Entertainment

Will 'Miss Sloane' Win Jessica Chastain An Oscar?

by Kaitlin Reilly

When it comes to Hollywood heavyweights, Jessica Chastain is still fairly new to the club. Sure, the actress' very first IMDb credit was on an episode of ER a while back in 2004, but it wasn't until her role as bubbly, blonde Celia Foote in 2011's The Help that Hollywood really took notice. It was such a warm welcome, in fact, that Chastain was even nominated for a Best Supporting Actress Oscar for the role, and then nominated in the Best Actress category in 2012 for her role in Zero Dark Thirty. Despite this, so far, Chastain has yet to take home an Academy Award — but could that change this year? The new teaser trailer for Miss Sloane depicts what could be Chastain's best performance yet — and it seems very possible for the actress to receive yet another round of Oscar buzz.

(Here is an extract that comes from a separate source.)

(* Let $(E,\mathcal{I})$ be the partition matroid given by a partition $E_1,\dots,E_b$ of $E$ and integers $k_z$ with $2\le k_z\le|E_z|$, and let $\gamma=\min_{z\in[b]}\lfloor k_z/2\rfloor/k_z$. Suppose $f:2^E\times O^E\to\mathbb{R}_{\ge0}$ is worst-case monotone and worst-case submodular with respect to $p(\phi)$ and satisfies minimal dependency. Then the adaptive hybrid policy $\pi^m=\pi^{mw}@\pi^{ma}$ satisfies $f_{wc}(\pi^*_{wc})\le(1+\frac1\gamma)f_{wc}(\pi^m)$, where $\pi^*_{wc}$ maximizes $f_{wc}(\pi)$ over policies $\pi$ with $E(\pi,\phi)\in\mathcal{I}$ for all $\phi\in U^+$.
   Context: Setting. $E$ is a finite set of $n$ items and $O$ a finite set of states. A realization is a function $\phi:E\to O$; $p$ is a probability distribution (prior) on the set of all realizations, $\Phi$ denotes a random realization with law $p$, and $U^+=\{\phi: p(\phi)>0\}$. A partial realization is a function $\psi:S\to O$ with $S\subseteq E$, $\mathrm{dom}(\psi)=S$; it is identified with the set of pairs $\{(e,\psi(e)):e\in S\}$, so $\psi\subseteq\psi'$ means $\mathrm{dom}(\psi)\subseteq\mathrm{dom}(\psi')$ and they agree on $\mathrm{dom}(\psi)$. A realization $\phi$ is consistent with $\psi$, written $\phi\sim\psi$, if it agrees with $\psi$ on $\mathrm{dom}(\psi)$. Only partial realizations with $\Pr[\Phi\sim\psi]>0$ are considered, and $p(\phi\mid\psi)=\Pr[\Phi=\phi\mid\Phi\sim\psi]$. For $S\subseteq E$ and a partial realization $\psi$, $f(S,\psi)=\mathbb{E}[f(S,\Phi)\mid\Phi\sim\psi]$. For $e\notin\mathrm{dom}(\psi)$, let $O(e,\psi)=\{o\in O:\exists\phi\text{ with }p(\phi\mid\psi)>0,\ \phi(e)=o\}$ and define the worst-case marginal utility $f_{wc}(e\mid\psi)=\min_{o\in O(e,\psi)}\{f(\mathrm{dom}(\psi)\cup\{e\},\psi\cup\{(e,o)\})-f(\mathrm{dom}(\psi),\psi)\}$ and the expected marginal utility $f_{avg}(e\mid\psi)=\mathbb{E}[f(\mathrm{dom}(\psi)\cup\{e\},\Phi)-f(\mathrm{dom}(\psi),\Phi)\mid\Phi\sim\psi]$. $f$ is worst-case submodular if $f_{wc}(e\mid\psi)\ge f_{wc}(e\mid\psi')$ for all partial realizations $\psi\subseteq\psi'$ and all $e\in E\setminus\mathrm{dom}(\psi')$; it is worst-case monotone if $f_{wc}(e\mid\psi)\ge0$ for all $\psi$ and $e\notin\mathrm{dom}(\psi)$. $f$ satisfies minimal dependency if $f(\mathrm{dom}(\psi),\psi)=f(\mathrm{dom}(\psi),\phi)$ for every partial realization $\psi$ and every $\phi\in U^+$ with $\phi\sim\psi$. Policies. A (deterministic) policy $\pi$ is a rule which, given the current observation (the partial realization of the items selected so far), either selects a new item or stops; after an item $e$ is selected under realization $\phi$, the state $\phi(e)$ is observed. $E(\pi,\phi)$ is the set of items selected by $\pi$ under $\phi$, and $f_{wc}(\pi)=\min_{\phi\in U^+}f(E(\pi,\phi),\phi)$. The concatenation $\pi@\pi'$ runs $\pi$ and then runs $\pi'$ from scratch, ignoring the observations obtained by $\pi$; its selected set is the union of the two. Partition matroid: $\mathcal{I}=\{I\subseteq E:|I\cap E_z|\le k_z\ \forall z\in[b]\}$. Policy $\pi^{mw}$: starting from the empty observation $\psi=\emptyset$, for $z=1,\dots,b$ in turn, perform $\lfloor k_z/2\rfloor$ iterations, each selecting $e\in\arg\max_{e\in E_z\setminus\mathrm{dom}(\psi)}f_{wc}(e\mid\psi)$ for the current observation $\psi$, observing $\Phi(e)$ and adding $(e,\Phi(e))$ to $\psi$. Policy $\pi^{ma}$: identical except that each meta-round $z$ performs $\lceil k_z/2\rceil$ iterations and uses $f_{avg}(e\mid\psi)$ in place of $f_{wc}(e\mid\psi)$. Ties are broken arbitrarily. $\pi^m=\pi^{mw}@\pi^{ma}$. *)

theory Defs
  imports Complex_Main
begin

The upcoming film, which will hit theaters on Dec. 9, 2016, is about lobbyist Elizabeth Sloane, who puts winning above all else — even at the expense of her own career. In the film, Sloane is fighting for gun control, despite the five million gun lobbyists who, as the trailer describes, "are armed." The film's ripped-from-the-headlines plot is already compelling, but the person I'm focused on the most in the trailer is star Chastain, whose steely gaze alone — seriously, the woman doesn't blink — is evidence enough of how good she is at her job.

Sloane is the kind of character that an actress like Chastain was born to play. To those around her — specifically, her adversaries — Sloane betrays no real emotions, playing each scene in the teaser trailer in which she's opposite another actor as cold or aloof. It's in the moments that she's alone that we see the full range of Chastain's acting skills — her ability to range from stoic to angry to composed is one of the reasons Chastain cut her teeth on Oscar-nominated movies. Could this be the year she takes home a golden statue of her own at the Academy Awards?

It's possible: Chastain's upcoming film hits theaters just in time. After all, a film is eligible to be nominated for an Academy Award if that film has played for at least one week in Los Angeles County prior to the end of the year. Given Miss Sloane's early December release date, Chastain could, theoretically, get another nod should her performance garner positive reviews. Whether Chastain is nominated or not for Miss Sloane, she's earned her spot on the A-list through sheer talent — an Oscar can't be too far behind.